伏線1.出だしのススキの風景描写は読者を幻影的世界にいざなう舞台になっている。

伏線2.宮間佳子は江里子自身で、沼崎は木原自身の投影になっている。死んだ江里子にもう一度会いたいという木原の思いが、佳子を沼崎に会わせたいという思いと重なっている。名前の「宮間」の「間(あいだ)」は佳子が江里子と木山の間(あいだ)を取り持つという意味を暗示している。佳子は「木原さんはいつからか、わたしの胸の中に「まぼろしのひと(すなわち江里子)」をつくりあげてしまった積りらしいわね」と木原の思いを代弁している。

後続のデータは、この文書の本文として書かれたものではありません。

lemma RS_invariant:
  "distinct w \<Longrightarrow> tableau (RS_P w) \<and> mset (concat (RS_P w)) = mset w
     \<and> map length (RS_Q w) = map length (RS_P w) \<and> set (concat (RS_Q w)) \<subseteq> {1..length w}"
proof (induction w rule: rev_induct)
  case (snoc x w)
  then have IH: "tableau (RS_P w)" "mset (concat (RS_P w)) = mset w"
      "map length (RS_Q w) = map length (RS_P w)" "set (concat (RS_Q w)) \<subseteq> {1..length w}"
    by simp_all
  have dP: "distinct (concat (RS_P w))" and xP: "x \<notin> set (concat (RS_P w))"
    using snoc.prems IH(2) by (metis distinct_append mset_eq_imp_distinct_iff,
        metis distinct_append mset_eq_setD disjoint_iff list.set_intros(1) set_append)
  obtain P' i where ri: "rs_insert x (RS_P w) = (P', i)" by fastforce
  have ilQ: "i \<le> length (RS_Q w)"
    using snd_rs_insert_le[of x "RS_P w"] ri IH(3) by (metis length_map snd_conv)
  have "tableau P'" using tableau_rs_insert[OF IH(1) dP xP] ri by simp
  moreover have "mset (concat P') = mset (w @ [x])" using mset_concat_rs_insert[of x "RS_P w"] ri IH(2) by simp
  moreover have "map length P' = add_cell i (map length (RS_P w))" using shape_rs_insert[of x "RS_P w"] ri by simp
  moreover have "set (concat (add_to_row (Suc (length w)) i (RS_Q w))) \<subseteq> {1..length (w @ [x])}"
    using set_concat_add_to_row[OF ilQ] IH(4) by auto
  ultimately show ?case using shape_add_to_row[OF ilQ] IH(3) ri by (simp add: RS_P_snoc RS_Q_snoc)
qed simp

lemma tableau_RS_P: "distinct w \<Longrightarrow> tableau (RS_P w)"
  and mset_concat_RS_P: "distinct w \<Longrightarrow> mset (concat (RS_P w)) = mset w"
  and shape_RS_Q: "distinct w \<Longrightarrow> map length (RS_Q w) = map length (RS_P w)"
  and set_concat_RS_Q_subset: "distinct w \<Longrightarrow> set (concat (RS_Q w)) \<subseteq> {1..length w}"
  using RS_invariant[of w] by simp_all

lemma distinct_concat_RS_P: "distinct w \<Longrightarrow> distinct (concat (RS_P w))"
  by (metis mset_concat_RS_P mset_eq_imp_distinct_iff)

lemma set_concat_RS_P: "distinct w \<Longrightarrow> set (concat (RS_P w)) = set w"
  by (metis mset_concat_RS_P mset_eq_setD)

lemma RS_P_filter_le: "distinct w \<Longrightarrow> RS_P (filter (\<lambda>z. z \<le> k) w) = restrict_tableau k (RS_P w)"
proof (induction w rule: rev_induct)
  case Nil then show ?case by (simp add: restrict_tableau_def)
next
  case (snoc x w)
  have dw: "distinct w" using snoc.prems by simp
  have tw: "tableau (RS_P w)" using tableau_RS_P[OF dw] .
  show ?case
  proof (cases "x \<le> k")
    case True
    then have "RS_P (filter (\<lambda>z. z \<le> k) (w @ [x])) = fst (rs_insert x (RS_P (filter (\<lambda>z. z \<le> k) w)))"
      by (simp add: RS_P_snoc)
    also have "\<dots> = restrict_tableau k (RS_P (w @ [x]))" using snoc.IH[OF dw] restrict_tableau_rs_insert_small[OF tw True] by (simp add: RS_P_snoc)
    finally show ?thesis .
  next
    case False
    then show ?thesis using snoc.IH[OF dw] restrict_tableau_rs_insert_large[of k x "RS_P w"] by (simp add: RS_P_snoc)
  qed
qed

lemma remove_add_to_row:
  assumes "j \<notin> set (concat Q)" "[] \<notin> set Q" "i \<le> length Q"
  shows "filter (\<lambda>r. r \<noteq> []) (map (filter (\<lambda>z. z \<noteq> j)) (add_to_row j i Q)) = Q"
proof -
  have Q: "map (filter (\<lambda>z. z \<noteq> j)) Q = Q" "filter (\<lambda>r. r \<noteq> []) Q = Q"
    using assms(1,2) by (induction Q) (auto intro: filter_True)
  show ?thesis
  proof (cases "i < length Q")
    case True
    have "filter (\<lambda>z. z \<noteq> j) (Q!i @ [j]) = Q!i" using assms(1) True by (auto intro!: filter_True)
    then show ?thesis using Q True by (simp add: add_to_row_def map_update)
  qed (use Q in \<open>simp add: add_to_row_def\<close>)
qed

lemma add_to_row_inj:
  assumes "j \<notin> set (concat Q)" "j \<notin> set (concat Q')" "[] \<notin> set Q" "[] \<notin> set Q'"
    "i \<le> length Q" "i' \<le> length Q'" and eq: "add_to_row j i Q = add_to_row j i' Q'"
  shows "i = i' \<and> Q = Q'"
proof -
  have Q_eq: "Q = Q'" using remove_add_to_row[OF assms(1,3,5)] remove_add_to_row[OF assms(2,4,6)] eq by simp
  have "i = i'"
  proof (rule ccontr)
    assume ne: "i \<noteq> i'"
    consider "i < length Q" "i' < length Q" | "i = length Q \<or> i' = length Q"
      using assms(5,6) Q_eq by (metis le_neq_implies_less)
    then show False
    proof cases
      case 1
      have "add_to_row j i Q ! i = Q!i @ [j]" "add_to_row j i' Q ! i = Q!i"
        using 1 ne by (simp_all add: add_to_row_def)
      then show ?thesis using eq Q_eq by simp
    next
      case 2
      then show ?thesis
        using eq Q_eq ne assms(5,6) by (auto simp: add_to_row_def dest: arg_cong[where f=length])
    qed
  qed
  then show ?thesis using Q_eq by simp
qed

lemma Nil_notin_RS_Q: "distinct w \<Longrightarrow> [] \<notin> set (RS_Q w)"
proof
  assume "distinct w" "[] \<in> set (RS_Q w)"
  then have "0 \<in> set (map length (RS_P w))" using shape_RS_Q by (metis image_eqI list.size(3) set_map)
  then show False using tableau_RS_P[OF \<open>distinct w\<close>] by (auto simp: tableau_def)
qed

lemma RS_Q_snoc_inj:
  assumes "distinct w" "distinct v" "length w = length v" "RS_Q (w @ [x]) = RS_Q (v @ [y])"
  shows "RS_Q w = RS_Q v \<and> snd (rs_insert x (RS_P w)) = snd (rs_insert y (RS_P v))"
proof -
  have new: "Suc (length w) \<notin> set (concat (RS_Q w))" "Suc (length w) \<notin> set (concat (RS_Q v))"
    using set_concat_RS_Q_subset[OF assms(1)] set_concat_RS_Q_subset[OF assms(2)] assms(3) by auto
  have rows: "snd (rs_insert x (RS_P w)) \<le> length (RS_Q w)" "snd (rs_insert y (RS_P v)) \<le> length (RS_Q v)"
    using snd_rs_insert_le shape_RS_Q[OF assms(1)] shape_RS_Q[OF assms(2)] by (metis length_map)+
  show ?thesis
    using add_to_row_inj[OF new Nil_notin_RS_Q[OF assms(1)] Nil_notin_RS_Q[OF assms(2)] rows] assms(3,4)
    by (simp add: RS_Q_snoc)
qed

lemma RS_inj:
  "distinct w \<Longrightarrow> distinct v \<Longrightarrow> length w = length v \<Longrightarrow> RS_P w = RS_P v \<Longrightarrow> RS_Q w = RS_Q v \<Longrightarrow> w = v"
proof (induction w arbitrary: v rule: rev_induct)
  case Nil then show ?case by simp
next
  case (snoc x w)
  obtain v' y where v: "v = v' @ [y]" using snoc.prems(3) by (cases v rule: rev_cases) auto
  have l: "length w = length v'" using snoc.prems(3) v by simp
  have d: "RS_Q w = RS_Q v' \<and> snd (rs_insert x (RS_P w)) = snd (rs_insert y (RS_P v'))"
    using RS_Q_snoc_inj[of w v' x y] snoc.prems v l by simp
  have e: "rs_insert x (RS_P w) = rs_insert y (RS_P v')"
    using d snoc.prems(4) v by (simp add: RS_P_snoc prod_eq_iff)
  have tw: "tableau (RS_P w)" "tableau (RS_P v')" using tableau_RS_P snoc.prems v by simp_all
  have "x = y \<and> RS_P w = RS_P v'" using rs_insert_inj[OF _ _ e] tw by (auto simp: tableau_def)
  then show ?case using snoc.IH[of v'] snoc.prems v l d by simp
qed

lemma add_cell_corner:
  assumes P: "tableau P" "i \<le> length P" and T: "map length T = add_cell i (map length P)"
  shows "i < length T" and "Suc i < length T \<Longrightarrow> length (T!Suc i) < length (T!i)"
proof -
  have len: "length T = length (add_cell i (map length P))" using T by (metis length_map)
  then show "i < length T" using P(2) by (auto simp: add_cell_def)
  assume "Suc i < length T"
  then have "Suc i < length P" using len P(2) by (auto simp: add_cell_def split: if_splits)
  moreover have "length (T!Suc i) = map length T ! Suc i" "length (T!i) = map length T ! i"
    using \<open>Suc i < length T\<close> by auto
  ultimately show "length (T!Suc i) < length (T!i)"
    using T tableau_shape_decreasing[OF P(1), of i] by (simp add: add_cell_def)
qed

lemma RS_surj:
  "distinct w \<Longrightarrow> tableau T \<Longrightarrow> distinct (concat T) \<Longrightarrow> map length T = map length (RS_P w) \<Longrightarrow>
   \<exists>v. RS_P v = T \<and> RS_Q v = RS_Q w \<and> length v = length w \<and> distinct v \<and> mset v = mset (concat T)"
proof (induction w arbitrary: T rule: rev_induct)
  case Nil
  then have "T = []" by simp
  then show ?case by (intro exI[of _ "[]"]) simp
next
  case (snoc x w)
  have dw: "distinct w" using snoc.prems by simp
  obtain P' i where ri: "rs_insert x (RS_P w) = (P', i)" by fastforce
  have il: "i \<le> length (RS_P w)" using snd_rs_insert_le[of x "RS_P w"] ri by simp
  have shT: "map length T = add_cell i (map length (RS_P w))"
    using snoc.prems(4) shape_rs_insert[of x "RS_P w"] ri by (simp add: RS_P_snoc)
  have tw: "tableau (RS_P w)" using tableau_RS_P[OF dw] .
  note corner = add_cell_corner[OF tw il shT]
  obtain T' x' where u: "rs_uninsert T i = (T', x')" by fastforce
  have U: "rs_insert x' T' = (T, i)" "tableau T'" "mset (concat T) = add_mset x' (mset (concat T'))"
    using rs_uninsert_correct[OF snoc.prems(2,3) corner(1) _ u] corner(2) by auto
  have "mset (concat T) = mset (x' # concat T')" using U(3) by simp
  then have "distinct (x' # concat T')" using snoc.prems(3) mset_eq_imp_distinct_iff by blast
  then have dT': "distinct (concat T')" "x' \<notin> set (concat T')" by auto
  have il': "i \<le> length T'" using snd_rs_insert_le[of x' T'] U(1) by simp
  have sh2: "map length T = add_cell i (map length T')" using shape_rs_insert[of x' T'] U(1) by simp
  have shT': "map length T' = map length (RS_P w)"
    using add_cell_inj[of i "map length T'" "map length (RS_P w)"] sh2 shT il il' tableau_shape_pos[OF U(2)] tableau_shape_pos[OF tw]
    by simp
  obtain v' where v': "RS_P v' = T'" "RS_Q v' = RS_Q w" "length v' = length w" "distinct v'" "mset v' = mset (concat T')"
    using snoc.IH[OF dw U(2) dT'(1) shT'] by blast
  have xv: "x' \<notin> set v'" using v'(5) dT'(2) by (metis mset_eq_setD set_mset_mset)
  show ?case
  proof (intro exI[of _ "v' @ [x']"] conjI)
    show "RS_P (v' @ [x']) = T" using v' U(1) by (simp add: RS_P_snoc)
    show "RS_Q (v' @ [x']) = RS_Q (w @ [x])" using v' U(1) ri by (simp add: RS_Q_snoc)
    show "length (v' @ [x']) = length (w @ [x])" using v' by simp
    show "distinct (v' @ [x'])" using v' xv by simp
    show "mset (v' @ [x']) = mset (concat T)" using v' U(3) by simp
  qed
qed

伏線3.名誉教授K先生はイギリス詩人キイツと唐代の詩人李賀を比較研究しているが。キイツと李賀に共通する作風は幻想世界、不確かな世界である。キイツは「偉大な文学者たらしめるものは不確実なものや未解決なものを受容する能力だ」と言っている。また、李賀は「半ば幻想世界に生きた詩人で、幻想世界は現実よりも親しいものであった」らしい。(以上ウキペディアから)作者はキイツと李賀を登場させ、幻影世界の伏線としている。

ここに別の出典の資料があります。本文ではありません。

lemma isotropic_curve:
  assumes ImO: "u \<in> ImO" "v \<in> ImO" "p \<in> ImO" "r \<in> ImO"
    and norms: "onorm u = 0" "onorm v = 0" "onorm p = 1" "onorm r = 0"
    and orth: "B u v = 0" "B p u = 0" "B p v = 0" "B p r = 0" and m: "B u r > 0" and "t \<noteq> 0"
  defines "D \<equiv> (B u r)\<^sup>2 + (B v r)\<^sup>2"
  defines "w \<equiv> (u + (t * t * B u r / (2 * D)) *\<^sub>R r, v + t *\<^sub>R p - (t * t * B v r / (2 * D)) *\<^sub>R r)"
  shows "w \<in> isocone" "Re (herm w w) \<noteq> 0"
proof -
  have D: "D > 0" using m by (simp add: D_def add_pos_nonneg)
  have "B v u = 0" "B u p = 0" "B v p = 0" "B r p = 0" "B r u = B u r" "B r v = B v r"
    using orth by (simp_all add: B_commute)
  note B_facts = norms[unfolded onorm_eq_B] orth this
  have fst_w: "onorm (fst w) = t * t * (B u r)\<^sup>2 / D"
    using D by (simp add: w_def onorm_eq_B B_simps B_facts power2_eq_square field_simps)
  have "onorm (snd w) = t * t * (D - (B v r)\<^sup>2) / D"
    using D by (simp add: w_def onorm_eq_B B_simps B_facts power2_eq_square field_simps)
  then have snd_w: "onorm (snd w) = t * t * (B u r)\<^sup>2 / D" by (simp add: D_def)
  have "B (fst w) (snd w) = 0"
    using D by (simp add: w_def B_simps B_facts field_simps)
  moreover have "Re (herm w w) = 2 * t * t * (B u r)\<^sup>2 / D"
    using fst_w snd_w by (simp add: herm_self)
  moreover have "Re (herm w w) \<noteq> 0" using D m \<open>t \<noteq> 0\<close> calculation(2) by simp
  moreover have "w \<noteq> 0" using calculation(3) by (auto simp: herm_self onorm_eq_B B_simps)
  ultimately show "w \<in> isocone" "Re (herm w w) \<noteq> 0" using fst_w snd_w ImO
    by (simp_all add: isocone_iff w_def ImO_add ImO_diff ImO_scaleR)
qed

伏線4.K先生が「夕方7時に来てくれ」と、7時に時間を指定しているのは幻影的な時間帯、すなわち秋の6時半頃で、本文の「光の淡い星が増えて……原には夕明かりがまだ漂っていた。D岳が早くも黒の色だ」という夕暮れどきを作者が設定したかったから。

伏線5.江里子が着ていたセーターの色は濃い紫で、木原はそのセーターを沼崎から受け取っている。ススキの原に迎えに来た女性も濃い紫のセーターを着ていた。

難点

① 単純な話(着ていたセーターが同じ色であったから、死んだ恋人と、迎えに来た女性とを混同した)をなぜこうも回りくどく、だらだらと書いているのかわからない。こういう回りくどい作品が日本の文学愛好家に受けるからかもしれないが、私の肌には合わなかった。

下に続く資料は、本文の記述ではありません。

definition na :: "('a list \<Rightarrow> 'i) \<Rightarrow> 'a list \<Rightarrow> 'i \<Rightarrow> 'a \<Rightarrow> nat" where
  "na lab z i a = card {k. k < length z \<and> lab (take k z) = i \<and> z ! k = a}"

definition pz :: "('a list \<Rightarrow> 'i) \<Rightarrow> 'a list \<Rightarrow> 'i \<Rightarrow> 'a \<Rightarrow> real" where
  "pz lab z i a = real (na lab z i a) / real (nI lab z i)"

definition alpha :: "'a list set \<Rightarrow> ('a list \<Rightarrow> 'i) \<Rightarrow> 'a list \<Rightarrow> real" where
  "alpha H lab z = (\<Prod>i \<in> {i. nI lab z i > 1}.
      \<Prod>a \<in> {a \<in> actsI H lab i. na lab z i a > 0}. pz lab z i a ^ na lab z i a)"

end

theory Submission
  imports Defs "HOL-Library.Sublist"
begin

text \<open>Fix a leaf z. Playing at every infoset I the empirical frequencies p_z(a) of the actions
  taken at I on the path to z is a behavioural strategy of the game (consistency of action sets
  within infosets makes these frequencies sum to 1), and it reaches z with probability
  prod_k p_z(a_k) = alpha(z). Hence the optimal value of the game is at least alpha(z) u(z).
  Conversely, the reach probabilities of a behavioural strategy of any game on the same tree,
  in particular of pr_1 of the game, sum to 1 over the leaves, so its optimal value is at most
  max u. The second inequality compares the maximum of alpha u with its value at z*.\<close>

lemma reach_snoc: "reach lab \<sigma> (h @ [a]) = reach lab \<sigma> h * \<sigma> (lab h) a"
  unfolding reach_def by (auto simp: prod.lessThan_Suc nth_append intro!: prod.cong)

locale game_tree =
  fixes H :: "'a list set"
  assumes finite_H: "finite H"
    and Nil_in_H: "[] \<in> H"
    and prefix_closed: "h @ [a] \<in> H \<Longrightarrow> h \<in> H"
begin

lemma prefix_in_H:
  assumes "prefix h z" and "z \<in> H"
  shows "h \<in> H"
proof -
  obtain t where "z = h @ t" using assms(1) by (rule prefixE)
  then show ?thesis using assms(2)
  proof (induction t arbitrary: z rule: rev_induct)
    case (snoc a t)
    then show ?case using prefix_closed[of "h @ t" a] by simp
  qed simp
qed

lemma take_in_NT:
  assumes "z \<in> H" and "k < length z"
  shows "take k z \<in> NT H" and "z ! k \<in> acts H (take k z)"
proof -
  have "take k z @ [z ! k] \<in> H"
    using prefix_in_H[OF take_is_prefix assms(1), of "Suc k"] assms(2)
    by (simp add: take_Suc_conv_app_nth)
  then show "take k z \<in> NT H" and "z ! k \<in> acts H (take k z)"
    using prefix_closed by (auto simp: NT_def acts_def)
qed

lemma finite_acts: "finite (acts H h)"
proof -
  have "acts H h = (\<lambda>a. h @ [a]) -` H" by (auto simp: acts_def)
  then show ?thesis using finite_vimageI[OF finite_H, of "\<lambda>a. h @ [a]"] by (simp add: inj_def)
qed

lemma finite_leaves: "finite (leaves H)"
  using finite_H by (simp add: leaves_def)

lemma reach_nonneg:
  assumes "is_behav H lab \<sigma>" and "z \<in> H"
  shows "reach lab \<sigma> z \<ge> 0"
  using assms take_in_NT[OF assms(2)] unfolding reach_def is_behav_def
  by (auto intro!: prod_nonneg)

definition leaves_below :: "'a list \<Rightarrow> 'a list set" where
  "leaves_below h = {z \<in> leaves H. prefix h z}"

lemma leaves_below_leaf:
  assumes "h \<in> leaves H"
  shows "leaves_below h = {h}"
proof safe
  fix z assume "z \<in> leaves_below h"
  then obtain t where z: "z = h @ t" "z \<in> H" by (auto simp: leaves_below_def leaves_def elim: prefixE)
  show "z = h"
  proof (cases t)
    case (Cons a t')
    with z have "h @ [a] \<in> H" by (auto intro: prefix_in_H[of "h @ [a]" z] prefixI)
    with assms show ?thesis by (simp add: leaves_def)
  qed (use z in simp)
qed (use assms in \<open>simp add: leaves_below_def\<close>)

lemma leaves_below_inner:
  assumes "h \<notin> leaves H"
  shows "leaves_below h = (\<Union>a \<in> acts H h. leaves_below (h @ [a]))"
proof safe
  fix z assume "z \<in> leaves_below h"
  then obtain t where z: "z = h @ t" "z \<in> leaves H" by (auto simp: leaves_below_def elim: prefixE)
  with assms obtain a t' where "t = a # t'" by (cases t) auto
  with z have pre: "prefix (h @ [a]) z" by simp
  moreover have "z \<in> H" using z by (simp add: leaves_def)
  ultimately have "a \<in> acts H h" by (simp add: prefix_in_H acts_def)
  with pre z show "z \<in> (\<Union>a \<in> acts H h. leaves_below (h @ [a]))"
    by (auto simp: leaves_below_def)
qed (auto simp: leaves_below_def elim: prefix_order.trans[rotated])

lemma sum_reach_leaves_below:
  assumes beh: "is_behav H lab \<sigma>" and "h \<in> H"
  shows "(\<Sum>z \<in> leaves_below h. reach lab \<sigma> z) = reach lab \<sigma> h"
  using \<open>h \<in> H\<close>
proof (induction h rule: measure_induct_rule[where f = "\<lambda>h. Max (length ` H) - length h"])
  case (less h)
  show ?case
  proof (cases "h \<in> leaves H")
    case True
    then show ?thesis by (simp add: leaves_below_leaf)
  next
    case False
    with less.prems have h: "h \<in> NT H" by (auto simp: NT_def leaves_def)
    have IH: "(\<Sum>z \<in> leaves_below (h @ [a]). reach lab \<sigma> z) = reach lab \<sigma> (h @ [a])"
      if "a \<in> acts H h" for a
    proof (rule less.IH)
      show "h @ [a] \<in> H" using that by (simp add: acts_def)
      then have "length (h @ [a]) \<le> Max (length ` H)" using finite_H by (simp del: length_append)
      then show "Max (length ` H) - length (h @ [a]) < Max (length ` H) - length h" by simp
    qed
    have "(\<Sum>z \<in> leaves_below h. reach lab \<sigma> z)
        = (\<Sum>a \<in> acts H h. \<Sum>z \<in> leaves_below (h @ [a]). reach lab \<sigma> z)"
      unfolding leaves_below_inner[OF False]
      by (rule sum.UNION_disjoint[OF finite_acts])
         (auto simp: leaves_below_def finite_leaves dest: prefix_same_cases)
    also have "\<dots> = (\<Sum>a \<in> acts H h. reach lab \<sigma> h * \<sigma> (lab h) a)"
      by (rule sum.cong[OF refl]) (simp add: IH reach_snoc)
    also have "\<dots> = reach lab \<sigma> h"
      using beh h by (simp add: is_behav_def flip: sum_distrib_left)
    finally show ?thesis .
  qed
qed

lemma sum_reach_leaves:
  assumes "is_behav H lab \<sigma>"
  shows "(\<Sum>z \<in> leaves H. reach lab \<sigma> z) = 1"
  using sum_reach_leaves_below[OF assms Nil_in_H]
  by (simp add: leaves_below_def reach_def)

lemma eu_le_Max:
  assumes "is_behav H lab \<sigma>"
  shows "eu H lab \<sigma> u \<le> Max (u ` leaves H)"
proof -
  have "eu H lab \<sigma> u \<le> (\<Sum>z \<in> leaves H. reach lab \<sigma> z * Max (u ` leaves H))"
    unfolding eu_def
    using assms reach_nonneg finite_leaves
    by (intro sum_mono mult_left_mono) (auto simp: leaves_def)
  also have "\<dots> = Max (u ` leaves H)"
    using sum_reach_leaves[OF assms(1)] by (simp flip: sum_distrib_right)
  finally show ?thesis .
qed

lemma eu_le_opt_val:
  assumes "is_behav H lab \<sigma>"
  shows "eu H lab \<sigma> u \<le> opt_val H lab u"
  unfolding opt_val_def
  by (rule cSup_upper) (use assms eu_le_Max in \<open>auto intro!: bdd_aboveI\<close>)

text \<open>The strategy only witnesses that the supremum in opt_val ranges over a nonempty set.\<close>
lemma opt_val_le_Max:
  assumes "is_behav H lab \<sigma>"
  shows "opt_val H lab u \<le> Max (u ` leaves H)"
  unfolding opt_val_def
  by (rule cSup_least) (use assms eu_le_Max in auto)

end

lemma is_behav_coarsen:
  "is_behav H (\<lambda>h. f (lab h)) \<sigma> \<Longrightarrow> is_behav H lab (\<lambda>i. \<sigma> (f i))"
  by (simp add: is_behav_def)

lemma nI_pos_iff: "0 < nI lab z i \<longleftrightarrow> (\<exists>k < length z. lab (take k z) = i)"
  by (auto simp: nI_def card_gt_0_iff)

lemma na_pos_iff: "0 < na lab z i a \<longleftrightarrow> (\<exists>k < length z. lab (take k z) = i \<and> z ! k = a)"
  by (auto simp: na_def card_gt_0_iff)

lemma na_le_nI: "na lab z i a \<le> nI lab z i"
  unfolding na_def nI_def by (rule card_mono) auto

lemma alpha_pos: "0 < alpha H lab z"
  unfolding alpha_def pz_def using na_le_nI[of lab z]
  by (intro prod_pos) (auto intro: less_le_trans)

② 時間系列が分かりにくい。場面が何度も昔に戻ったり、現在に帰ったりしているから。例えば「8年前のことである」「木原自身も50を過ぎている」「十数年前のことになる」「遠い昔のことになったが」「ある秋の夕方」「10年もそんな状態が続いて」「こんなことを喋った記憶が木原にはある」「5年ぶりでお目にかかる」など。

③ ほとんどの登場人物の年齢がわからないのでイメージを浮かべにくい。